Kraut Jeffrey A, Kurtz Ira
Medical and Research Services VHAGLA Healthcare System, Division of Nephrology, VHAGLA Healthcare System , David Geffen School of Medicine at UCLA , Los Angeles, CA 90095-1689 , USA ; Division of Nephrology , David Geffen School of Medicine at UCLA , Los Angeles, CA , USA.
Division of Nephrology , David Geffen School of Medicine at UCLA , Los Angeles, CA , USA.
Clin Kidney J. 2015 Feb;8(1):93-9. doi: 10.1093/ckj/sfu126. Epub 2014 Dec 1.
Acute non-anion gap metabolic acidosis, also termed hyperchloremic acidosis, is frequently detected in seriously ill patients. The most common mechanisms leading to this acid-base disorder include loss of large quantities of base secondary to diarrhea and administration of large quantities of chloride-containing solutions in the treatment of hypovolemia and various shock states. The resultant acidic milieu can cause cellular dysfunction and contribute to poor clinical outcomes. The associated change in the chloride concentration in the distal tubule lumen might also play a role in reducing the glomerular filtration rate. Administration of base is often recommended for the treatment of acute non-anion gap acidosis. Importantly, the blood pH and/or serum bicarbonate concentration to guide the initiation of treatment has not been established for this type of metabolic acidosis; and most clinicians use guidelines derived from studies of high anion gap metabolic acidosis. Therapeutic complications resulting from base administration such as volume overload, exacerbation of hypertension and reduction in ionized calcium are likely to be as common as with high anion gap metabolic acidosis. On the other hand, exacerbation of intracellular acidosis due to the excessive generation of carbon dioxide might be less frequent than in high anion gap metabolic acidosis because of better tissue perfusion and the ability to eliminate carbon dioxide. Further basic and clinical research is needed to facilitate development of evidence-based guidelines for therapy of this important and increasingly common acid-base disorder.

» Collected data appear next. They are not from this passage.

(* Let $R$ be a GCD-domain. Let $s_1,\dots,s_n\in(\operatorname{Sqf} R)\setminus R^{\ast}$ and $t_1,\dots,t_m\in(\operatorname{Sqf} R)\setminus R^{\ast}$ (with $n,m\geqslant 1$), let $k_1<k_2<\dots<k_n$ and $l_1<l_2<\dots<l_m$ be non-negative integers, and let $c,d\in R^{\ast}$. If $$c\,s_n^{2^{k_n}}s_{n-1}^{2^{k_{n-1}}}\cdots s_2^{2^{k_2}}s_1^{2^{k_1}}=d\,t_m^{2^{l_m}}t_{m-1}^{2^{l_{m-1}}}\cdots t_2^{2^{l_2}}t_1^{2^{l_1}},$$ then $n=m$, and $s_i\sim t_i$ and $k_i=l_i$ for $i=1,\dots,n$.
   Context: A GCD-domain is a commutative ring with identity without zero divisors in which the intersection of any two principal ideals is principal. $R^{\ast}$ denotes the set of invertible elements of $R$; $a\sim b$ means $a$ and $b$ are associated. An element $a\in R$ is square-free if it cannot be written as $a=b^2c$ with $b\in R\setminus R^{\ast}$ and $c\in R$; $\operatorname{Sqf} R$ denotes the set of square-free elements of $R$. *)

theory Defs
  imports Main
begin

text \<open>A GCD-domain: an integral domain in which the intersection of any two
principal ideals is principal, i.e. for all a b there is c with aR \<inter> bR = cR.\<close>
definition gcd_domain :: "'a::idom itself \<Rightarrow> bool" where
  "gcd_domain _ \<longleftrightarrow>
     (\<forall>a b :: 'a. \<exists>c. \<forall>x. (a dvd x \<and> b dvd x) \<longleftrightarrow> c dvd x)"

definition sqf :: "'a::idom \<Rightarrow> bool" where
  "sqf a \<longleftrightarrow> \<not> (\<exists>b c. \<not> b dvd 1 \<and> a = b ^ 2 * c)"

definition associated :: "'a::idom \<Rightarrow> 'a \<Rightarrow> bool" where
  "associated a b \<longleftrightarrow> a dvd b \<and> b dvd a"

end

theory Submission
  imports Defs
begin

text \<open>Each side has the form \<open>(s * Q\<^sup>2) ^ 2 ^ k\<close>, where \<open>s\<close> is the factor with the
  smallest exponent \<open>k\<close> and \<open>Q\<close> collects the other factors with their exponents lowered
  by \<open>k + 1\<close>. In a GCD-domain, \<open>s * B\<^sup>2 \<sim> t * D\<^sup>2\<close> with \<open>s\<close>, \<open>t\<close> square-free forces
  \<open>B \<sim> D\<close> and \<open>s \<sim> t\<close>: after cancelling a gcd of \<open>B\<close> and \<open>D\<close>, the coprime part \<open>B'\<close>
  with \<open>B'\<^sup>2 dvd t * D'\<^sup>2\<close> divides \<open>t\<close> twice, so it is a unit. For \<open>s = t = 1\<close> this makes
  \<open>2\<^sup>k\<close>-th roots unique up to units. Hence the smallest exponents agree (otherwise the
  non-unit \<open>s\<close> would be associated to a square), the leading factors are associated,
  and induction on the number of factors applied to the two \<open>Q\<close>'s finishes.\<close>

text \<open>The library's \<open>coprime\<close> lives in \<open>algebraic_semidom\<close>, which \<open>idom\<close> does not
  extend.\<close>
definition relatively_prime :: "'a::comm_semiring_1 \<Rightarrow> 'a \<Rightarrow> bool" where
  "relatively_prime a b \<longleftrightarrow> (\<forall>h. h dvd a \<longrightarrow> h dvd b \<longrightarrow> h dvd 1)"

lemma relatively_primeI: "(\<And>h. h dvd a \<Longrightarrow> h dvd b \<Longrightarrow> h dvd 1) \<Longrightarrow> relatively_prime a b"
  by (simp add: relatively_prime_def)

lemma relatively_primeD: "relatively_prime a b \<Longrightarrow> h dvd a \<Longrightarrow> h dvd b \<Longrightarrow> h dvd 1"
  by (simp add: relatively_prime_def)

lemma relatively_prime_commute: "relatively_prime a b \<longleftrightarrow> relatively_prime b a"
  by (auto simp: relatively_prime_def)

lemma associated_refl: "associated a a"
  by (simp add: associated_def)

lemma associated_sym: "associated a b \<Longrightarrow> associated b a"
  by (simp add: associated_def)

lemma associated_trans: "associated a b \<Longrightarrow> associated b c \<Longrightarrow> associated a c"
  unfolding associated_def by (blast intro: dvd_trans)

lemma associated_mult: "associated a b \<Longrightarrow> associated c d \<Longrightarrow> associated (a * c) (b * d)"
  unfolding associated_def by (blast intro: mult_dvd_mono)

lemma associated_power: "associated a b \<Longrightarrow> associated (a ^ n) (b ^ n)"
  unfolding associated_def by (blast intro: dvd_power_same)

lemma associated_mult_cancel_right:
  "(c::'a::idom) \<noteq> 0 \<Longrightarrow> associated (a * c) (b * c) \<Longrightarrow> associated a b"
  unfolding associated_def by simp

lemma dvd_unit_mult_cancel:
  assumes "(u::'a::comm_semiring_1) dvd 1" and "a dvd u * c"
  shows "a dvd c"
proof -
  obtain v where "1 = u * v"
    using assms(1) by (rule dvdE)
  then have "c = u * c * v"
    by (simp add: ac_simps)
  then show ?thesis
    using assms(2) by (metis dvd_mult2)
qed

lemma associated_unit_mult: "(u::'a::idom) dvd 1 \<Longrightarrow> associated (u * a) a"
  unfolding associated_def by (auto intro: dvd_unit_mult_cancel)

lemma associated_units: "a dvd 1 \<Longrightarrow> b dvd 1 \<Longrightarrow> associated a b"
  unfolding associated_def by (meson dvd_trans one_dvd)

lemma associated_is_unit: "associated a b \<Longrightarrow> a dvd 1 \<Longrightarrow> b dvd 1"
  unfolding associated_def by (rule dvd_trans) auto

lemma sqf_nonzero: "sqf (a::'a::idom) \<Longrightarrow> a \<noteq> 0"
  unfolding sqf_def by (metis dvd_0_left_iff mult_zero_right zero_neq_one)

lemma sqf_1: "sqf (1::'a::idom)"
  unfolding sqf_def by (metis dvd_triv_left mult.assoc power2_eq_square)

lemma gcd_domain_lcmE:
  fixes a b :: "'a::idom"
  assumes "gcd_domain TYPE('a)" and "a \<noteq> 0" and "b \<noteq> 0"
  obtains L g v u where "\<And>x. a dvd x \<and> b dvd x \<longleftrightarrow> L dvd x"
    and "a = g * v" and "b = g * u" and "L = a * u"
proof -
  obtain L where L: "\<And>x. a dvd x \<and> b dvd x \<longleftrightarrow> L dvd x"
    using assms unfolding gcd_domain_def by blast
  obtain g where g: "a * b = L * g"
    using L[of "a * b"] by (auto elim: dvdE)
  obtain u where u: "L = a * u" and "b dvd L"
    using L[of L] by (auto elim: dvdE)
  then obtain v where v: "L = b * v"
    by (auto elim: dvdE)
  have "b = g * u"
    using g u assms(2) by (simp add: ac_simps)
  moreover have "a = g * v"
    using g v assms(3) by (simp add: ac_simps)
  ultimately show thesis
    using that[OF L _ _ u] by blast
qed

急性非阴离子间隙代谢性酸中毒,也称为高氯性酸中毒,在重症患者中经常被检测到。导致这种酸碱紊乱的最常见机制包括腹泻导致大量碱丢失,以及在治疗低血容量和各种休克状态时大量输注含氯溶液。由此产生的酸性环境可导致细胞功能障碍,并导致不良临床结局。远曲小管管腔内氯离子浓度的相关变化也可能在降低肾小球滤过率中起作用。通常建议使用碱来治疗急性非阴离子间隙酸中毒。重要的是,对于这种类型的代谢性酸中毒,尚未确定用于指导开始治疗的血液pH值和/或血清碳酸氢盐浓度;大多数临床医生使用来自高阴离子间隙代谢性酸中毒研究的指南。碱治疗引起的治疗并发症,如容量超负荷、高血压加重和离子钙降低,可能与高阴离子间隙代谢性酸中毒一样常见。另一方面,由于组织灌注改善和二氧化碳清除能力,与高阴离子间隙代谢性酸中毒相比,因二氧化碳过度生成导致的细胞内酸中毒加重可能不太常见。需要进一步的基础和临床研究,以促进制定基于证据的指南,用于治疗这种重要且日益常见的酸碱紊乱。